Your instructions: From the entries below, transcribe exactly the lines between the line holding "by (metis mult.left_commute)" and the line holding "(Suc n - i))) +", inclusive; skip all other lines.

Data shown:
════════════════

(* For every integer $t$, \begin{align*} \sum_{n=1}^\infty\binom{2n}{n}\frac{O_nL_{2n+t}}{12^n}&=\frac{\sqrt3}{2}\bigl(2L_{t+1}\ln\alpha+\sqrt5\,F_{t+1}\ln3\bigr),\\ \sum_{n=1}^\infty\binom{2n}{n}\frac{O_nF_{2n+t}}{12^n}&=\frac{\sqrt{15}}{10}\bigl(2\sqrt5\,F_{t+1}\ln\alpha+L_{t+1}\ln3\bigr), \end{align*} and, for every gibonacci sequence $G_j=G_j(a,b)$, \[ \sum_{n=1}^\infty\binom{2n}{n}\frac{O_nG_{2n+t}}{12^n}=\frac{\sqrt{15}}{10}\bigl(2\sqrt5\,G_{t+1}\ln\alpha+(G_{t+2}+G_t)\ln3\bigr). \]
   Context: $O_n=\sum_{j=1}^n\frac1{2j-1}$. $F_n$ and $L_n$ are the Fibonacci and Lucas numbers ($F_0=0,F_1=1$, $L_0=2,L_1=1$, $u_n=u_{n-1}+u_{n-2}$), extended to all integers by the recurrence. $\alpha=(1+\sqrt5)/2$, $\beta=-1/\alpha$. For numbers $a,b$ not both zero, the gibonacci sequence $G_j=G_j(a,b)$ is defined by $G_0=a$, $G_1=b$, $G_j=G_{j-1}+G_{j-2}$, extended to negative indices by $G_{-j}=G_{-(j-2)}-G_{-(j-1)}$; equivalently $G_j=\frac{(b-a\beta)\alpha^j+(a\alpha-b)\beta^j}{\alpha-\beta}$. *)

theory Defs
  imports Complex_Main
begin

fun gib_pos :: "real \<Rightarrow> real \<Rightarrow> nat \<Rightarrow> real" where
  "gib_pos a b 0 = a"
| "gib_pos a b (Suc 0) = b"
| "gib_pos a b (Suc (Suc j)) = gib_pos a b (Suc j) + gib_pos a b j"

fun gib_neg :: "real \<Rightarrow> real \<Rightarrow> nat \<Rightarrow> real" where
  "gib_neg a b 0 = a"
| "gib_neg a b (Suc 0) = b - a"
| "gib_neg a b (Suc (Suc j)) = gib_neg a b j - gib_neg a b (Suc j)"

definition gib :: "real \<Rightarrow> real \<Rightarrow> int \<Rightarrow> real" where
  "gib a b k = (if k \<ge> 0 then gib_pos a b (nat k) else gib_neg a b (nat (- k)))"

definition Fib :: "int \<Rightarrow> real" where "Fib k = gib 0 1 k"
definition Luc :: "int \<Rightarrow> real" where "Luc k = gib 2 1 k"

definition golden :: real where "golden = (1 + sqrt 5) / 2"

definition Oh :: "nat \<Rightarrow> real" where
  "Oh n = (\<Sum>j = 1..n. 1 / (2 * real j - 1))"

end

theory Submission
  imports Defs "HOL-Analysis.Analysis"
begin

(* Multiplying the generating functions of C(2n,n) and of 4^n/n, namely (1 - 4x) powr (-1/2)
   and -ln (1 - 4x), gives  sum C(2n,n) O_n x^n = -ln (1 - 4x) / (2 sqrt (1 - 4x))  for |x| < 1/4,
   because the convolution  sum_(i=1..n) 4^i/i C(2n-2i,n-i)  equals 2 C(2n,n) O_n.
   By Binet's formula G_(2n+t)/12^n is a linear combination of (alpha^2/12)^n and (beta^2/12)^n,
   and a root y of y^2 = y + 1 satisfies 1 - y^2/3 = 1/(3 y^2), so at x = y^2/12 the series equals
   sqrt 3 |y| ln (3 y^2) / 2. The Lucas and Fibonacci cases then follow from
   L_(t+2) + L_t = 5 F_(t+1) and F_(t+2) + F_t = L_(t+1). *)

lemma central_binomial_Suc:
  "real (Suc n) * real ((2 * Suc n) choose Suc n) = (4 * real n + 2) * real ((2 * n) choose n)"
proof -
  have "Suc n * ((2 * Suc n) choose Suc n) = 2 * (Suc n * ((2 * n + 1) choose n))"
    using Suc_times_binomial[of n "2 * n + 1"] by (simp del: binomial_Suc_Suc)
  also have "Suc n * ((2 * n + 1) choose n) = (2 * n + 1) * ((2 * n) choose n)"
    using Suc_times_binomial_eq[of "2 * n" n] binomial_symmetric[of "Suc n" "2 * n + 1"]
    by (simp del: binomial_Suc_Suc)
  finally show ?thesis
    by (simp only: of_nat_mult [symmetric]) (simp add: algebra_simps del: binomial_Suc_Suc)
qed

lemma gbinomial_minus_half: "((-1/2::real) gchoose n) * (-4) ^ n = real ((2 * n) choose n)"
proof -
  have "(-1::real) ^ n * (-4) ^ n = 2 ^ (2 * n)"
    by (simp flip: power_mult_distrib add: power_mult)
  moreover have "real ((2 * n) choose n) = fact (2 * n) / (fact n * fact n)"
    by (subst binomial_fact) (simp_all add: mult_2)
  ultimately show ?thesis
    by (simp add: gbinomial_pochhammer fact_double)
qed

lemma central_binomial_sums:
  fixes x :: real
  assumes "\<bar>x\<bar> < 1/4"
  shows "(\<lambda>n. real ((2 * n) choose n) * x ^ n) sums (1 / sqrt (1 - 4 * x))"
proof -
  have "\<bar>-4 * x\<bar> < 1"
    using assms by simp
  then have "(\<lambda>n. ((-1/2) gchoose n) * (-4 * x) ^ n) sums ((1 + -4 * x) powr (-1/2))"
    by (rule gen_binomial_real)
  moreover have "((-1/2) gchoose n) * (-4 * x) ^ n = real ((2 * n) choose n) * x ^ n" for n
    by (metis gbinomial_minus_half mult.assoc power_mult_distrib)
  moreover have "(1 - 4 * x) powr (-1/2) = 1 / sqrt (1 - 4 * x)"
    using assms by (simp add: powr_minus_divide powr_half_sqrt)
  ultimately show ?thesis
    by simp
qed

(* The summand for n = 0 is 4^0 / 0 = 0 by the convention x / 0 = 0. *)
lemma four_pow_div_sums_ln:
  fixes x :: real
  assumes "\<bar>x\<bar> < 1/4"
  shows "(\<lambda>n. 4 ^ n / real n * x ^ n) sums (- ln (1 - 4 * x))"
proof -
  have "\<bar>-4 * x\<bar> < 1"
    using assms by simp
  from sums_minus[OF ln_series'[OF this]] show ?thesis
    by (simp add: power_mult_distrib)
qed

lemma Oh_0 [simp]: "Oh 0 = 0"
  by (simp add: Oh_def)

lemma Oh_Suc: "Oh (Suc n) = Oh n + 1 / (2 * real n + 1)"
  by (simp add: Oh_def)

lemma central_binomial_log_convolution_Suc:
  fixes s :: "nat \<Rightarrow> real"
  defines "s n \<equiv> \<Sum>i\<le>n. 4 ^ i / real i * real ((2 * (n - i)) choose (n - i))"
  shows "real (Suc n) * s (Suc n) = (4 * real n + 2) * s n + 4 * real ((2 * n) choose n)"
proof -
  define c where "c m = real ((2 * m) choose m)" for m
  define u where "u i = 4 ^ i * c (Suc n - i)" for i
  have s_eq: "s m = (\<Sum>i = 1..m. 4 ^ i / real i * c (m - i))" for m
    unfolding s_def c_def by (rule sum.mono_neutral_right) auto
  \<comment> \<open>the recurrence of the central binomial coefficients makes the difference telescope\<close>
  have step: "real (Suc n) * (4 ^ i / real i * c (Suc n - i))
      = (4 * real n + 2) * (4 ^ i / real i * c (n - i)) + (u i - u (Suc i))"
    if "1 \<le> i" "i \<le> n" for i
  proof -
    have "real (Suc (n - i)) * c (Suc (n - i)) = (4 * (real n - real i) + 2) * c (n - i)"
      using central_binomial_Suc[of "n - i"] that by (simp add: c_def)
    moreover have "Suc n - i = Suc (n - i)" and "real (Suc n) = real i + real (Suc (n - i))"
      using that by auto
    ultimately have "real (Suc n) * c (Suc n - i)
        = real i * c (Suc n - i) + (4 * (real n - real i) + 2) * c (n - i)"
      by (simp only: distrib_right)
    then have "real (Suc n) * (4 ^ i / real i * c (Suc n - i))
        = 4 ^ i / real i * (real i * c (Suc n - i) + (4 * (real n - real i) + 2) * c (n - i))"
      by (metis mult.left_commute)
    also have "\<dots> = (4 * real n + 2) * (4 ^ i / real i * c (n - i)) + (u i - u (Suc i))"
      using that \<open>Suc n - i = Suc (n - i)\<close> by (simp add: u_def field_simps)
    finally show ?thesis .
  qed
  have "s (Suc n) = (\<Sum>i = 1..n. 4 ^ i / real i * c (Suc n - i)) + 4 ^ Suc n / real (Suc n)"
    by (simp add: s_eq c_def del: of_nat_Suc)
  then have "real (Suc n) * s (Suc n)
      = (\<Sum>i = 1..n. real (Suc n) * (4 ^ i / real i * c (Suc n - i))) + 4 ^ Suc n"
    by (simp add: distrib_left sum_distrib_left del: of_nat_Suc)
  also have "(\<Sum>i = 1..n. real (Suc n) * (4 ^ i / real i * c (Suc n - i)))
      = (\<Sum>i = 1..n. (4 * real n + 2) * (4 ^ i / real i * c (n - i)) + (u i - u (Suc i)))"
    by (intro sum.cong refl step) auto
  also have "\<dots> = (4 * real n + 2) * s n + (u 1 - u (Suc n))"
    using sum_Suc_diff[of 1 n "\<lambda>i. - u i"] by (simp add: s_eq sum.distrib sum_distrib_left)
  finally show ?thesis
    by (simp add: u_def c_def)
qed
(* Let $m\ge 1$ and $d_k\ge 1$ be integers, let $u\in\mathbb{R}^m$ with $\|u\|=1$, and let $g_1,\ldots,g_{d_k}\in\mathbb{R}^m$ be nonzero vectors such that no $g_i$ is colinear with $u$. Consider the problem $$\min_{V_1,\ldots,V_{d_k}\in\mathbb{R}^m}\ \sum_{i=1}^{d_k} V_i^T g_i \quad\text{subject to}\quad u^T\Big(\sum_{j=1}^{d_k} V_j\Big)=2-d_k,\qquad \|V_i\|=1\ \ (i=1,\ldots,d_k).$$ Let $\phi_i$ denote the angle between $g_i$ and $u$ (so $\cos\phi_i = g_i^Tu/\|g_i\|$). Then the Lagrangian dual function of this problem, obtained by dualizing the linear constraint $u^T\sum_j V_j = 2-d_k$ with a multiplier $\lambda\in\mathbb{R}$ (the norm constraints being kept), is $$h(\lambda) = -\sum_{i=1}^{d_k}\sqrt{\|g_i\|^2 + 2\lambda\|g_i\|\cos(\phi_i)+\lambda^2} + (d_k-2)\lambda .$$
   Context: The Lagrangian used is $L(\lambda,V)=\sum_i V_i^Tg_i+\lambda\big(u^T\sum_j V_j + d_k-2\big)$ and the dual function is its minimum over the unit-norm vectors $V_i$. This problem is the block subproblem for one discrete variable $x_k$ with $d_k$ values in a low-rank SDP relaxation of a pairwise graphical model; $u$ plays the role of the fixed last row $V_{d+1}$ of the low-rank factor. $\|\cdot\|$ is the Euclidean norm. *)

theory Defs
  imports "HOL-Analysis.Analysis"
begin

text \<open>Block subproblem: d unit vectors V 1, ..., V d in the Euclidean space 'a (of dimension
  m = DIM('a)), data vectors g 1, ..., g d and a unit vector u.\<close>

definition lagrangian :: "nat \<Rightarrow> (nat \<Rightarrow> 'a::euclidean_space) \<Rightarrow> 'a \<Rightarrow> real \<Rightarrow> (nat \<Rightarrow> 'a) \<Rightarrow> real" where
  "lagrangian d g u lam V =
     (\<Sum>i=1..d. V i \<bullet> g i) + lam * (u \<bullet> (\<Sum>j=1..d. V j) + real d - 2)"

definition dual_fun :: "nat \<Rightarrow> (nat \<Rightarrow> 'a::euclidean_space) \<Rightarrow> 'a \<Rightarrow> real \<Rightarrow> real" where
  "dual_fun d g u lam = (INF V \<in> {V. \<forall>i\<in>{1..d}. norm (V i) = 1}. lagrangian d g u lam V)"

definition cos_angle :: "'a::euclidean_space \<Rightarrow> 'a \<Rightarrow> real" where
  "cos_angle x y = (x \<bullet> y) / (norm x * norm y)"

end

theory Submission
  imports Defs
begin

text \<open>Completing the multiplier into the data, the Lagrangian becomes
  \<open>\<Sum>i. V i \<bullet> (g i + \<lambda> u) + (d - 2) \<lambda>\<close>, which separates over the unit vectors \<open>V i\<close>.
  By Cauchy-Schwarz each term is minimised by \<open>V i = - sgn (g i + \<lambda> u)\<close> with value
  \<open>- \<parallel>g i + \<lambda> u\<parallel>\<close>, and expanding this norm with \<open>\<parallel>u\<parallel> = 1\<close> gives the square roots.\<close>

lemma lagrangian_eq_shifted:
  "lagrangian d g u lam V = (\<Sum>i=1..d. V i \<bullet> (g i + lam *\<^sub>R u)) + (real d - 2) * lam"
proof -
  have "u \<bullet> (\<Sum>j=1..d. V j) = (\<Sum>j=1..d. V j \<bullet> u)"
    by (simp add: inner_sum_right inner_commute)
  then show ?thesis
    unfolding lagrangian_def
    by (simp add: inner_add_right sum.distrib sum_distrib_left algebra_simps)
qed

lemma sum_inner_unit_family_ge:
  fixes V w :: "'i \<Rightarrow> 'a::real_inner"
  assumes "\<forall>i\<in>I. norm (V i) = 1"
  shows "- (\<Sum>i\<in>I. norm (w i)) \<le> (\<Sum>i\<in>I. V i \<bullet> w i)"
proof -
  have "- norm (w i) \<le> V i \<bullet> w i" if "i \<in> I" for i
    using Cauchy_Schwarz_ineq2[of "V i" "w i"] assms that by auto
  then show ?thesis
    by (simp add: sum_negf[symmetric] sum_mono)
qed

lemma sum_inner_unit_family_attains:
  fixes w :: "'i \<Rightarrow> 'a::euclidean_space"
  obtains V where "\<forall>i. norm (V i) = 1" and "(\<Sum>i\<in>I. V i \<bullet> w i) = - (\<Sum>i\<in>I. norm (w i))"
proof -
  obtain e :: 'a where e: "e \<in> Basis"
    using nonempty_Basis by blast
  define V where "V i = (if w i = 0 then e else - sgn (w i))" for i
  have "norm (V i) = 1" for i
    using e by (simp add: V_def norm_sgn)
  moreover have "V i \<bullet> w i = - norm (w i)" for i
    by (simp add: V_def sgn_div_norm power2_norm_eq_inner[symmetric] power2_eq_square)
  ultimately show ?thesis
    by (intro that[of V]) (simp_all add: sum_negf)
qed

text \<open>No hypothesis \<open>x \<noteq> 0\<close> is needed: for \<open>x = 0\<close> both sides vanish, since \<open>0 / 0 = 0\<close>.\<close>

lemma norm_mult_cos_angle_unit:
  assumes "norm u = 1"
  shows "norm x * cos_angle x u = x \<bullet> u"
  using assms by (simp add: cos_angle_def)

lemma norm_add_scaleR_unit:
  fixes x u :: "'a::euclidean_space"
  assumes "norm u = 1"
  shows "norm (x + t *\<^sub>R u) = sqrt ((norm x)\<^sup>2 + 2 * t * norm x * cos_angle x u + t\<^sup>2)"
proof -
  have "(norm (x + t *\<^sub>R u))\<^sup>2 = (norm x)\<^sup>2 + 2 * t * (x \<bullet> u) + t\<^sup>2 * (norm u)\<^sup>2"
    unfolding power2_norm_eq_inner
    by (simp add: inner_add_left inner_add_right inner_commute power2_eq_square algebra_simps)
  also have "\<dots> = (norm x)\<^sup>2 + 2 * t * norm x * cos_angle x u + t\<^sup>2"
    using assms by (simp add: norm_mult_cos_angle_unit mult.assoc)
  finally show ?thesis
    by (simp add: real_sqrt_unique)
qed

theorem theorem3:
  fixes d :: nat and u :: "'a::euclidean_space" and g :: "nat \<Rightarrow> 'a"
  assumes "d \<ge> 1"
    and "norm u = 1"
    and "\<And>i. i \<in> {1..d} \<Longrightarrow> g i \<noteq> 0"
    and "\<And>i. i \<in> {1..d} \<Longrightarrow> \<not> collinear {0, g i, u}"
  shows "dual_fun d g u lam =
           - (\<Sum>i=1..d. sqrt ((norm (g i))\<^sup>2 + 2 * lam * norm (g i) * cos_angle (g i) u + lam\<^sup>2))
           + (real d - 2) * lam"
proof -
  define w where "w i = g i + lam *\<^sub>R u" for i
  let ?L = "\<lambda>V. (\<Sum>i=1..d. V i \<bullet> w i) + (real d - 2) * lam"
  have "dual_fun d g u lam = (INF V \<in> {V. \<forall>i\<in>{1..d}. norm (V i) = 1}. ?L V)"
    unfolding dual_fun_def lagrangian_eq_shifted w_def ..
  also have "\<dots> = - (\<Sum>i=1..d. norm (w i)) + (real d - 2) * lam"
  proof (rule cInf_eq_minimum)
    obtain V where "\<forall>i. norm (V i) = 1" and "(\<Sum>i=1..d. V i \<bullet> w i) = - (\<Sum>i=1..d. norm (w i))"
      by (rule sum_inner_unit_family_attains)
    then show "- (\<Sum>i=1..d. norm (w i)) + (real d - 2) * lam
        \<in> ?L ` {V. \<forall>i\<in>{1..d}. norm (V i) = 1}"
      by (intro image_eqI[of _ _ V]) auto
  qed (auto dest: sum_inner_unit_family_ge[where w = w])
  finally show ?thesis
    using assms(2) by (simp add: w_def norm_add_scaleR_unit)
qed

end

════════════════

Completed exercise:
      by (metis mult.left_commute)
    also have "\<dots> = (4 * real n + 2) * (4 ^ i / real i * c (n - i)) + (u i - u (Suc i))"
      using that \<open>Suc n - i = Suc (n - i)\<close> by (simp add: u_def field_simps)
    finally show ?thesis .
  qed
  have "s (Suc n) = (\<Sum>i = 1..n. 4 ^ i / real i * c (Suc n - i)) + 4 ^ Suc n / real (Suc n)"
    by (simp add: s_eq c_def del: of_nat_Suc)
  then have "real (Suc n) * s (Suc n)
      = (\<Sum>i = 1..n. real (Suc n) * (4 ^ i / real i * c (Suc n - i))) + 4 ^ Suc n"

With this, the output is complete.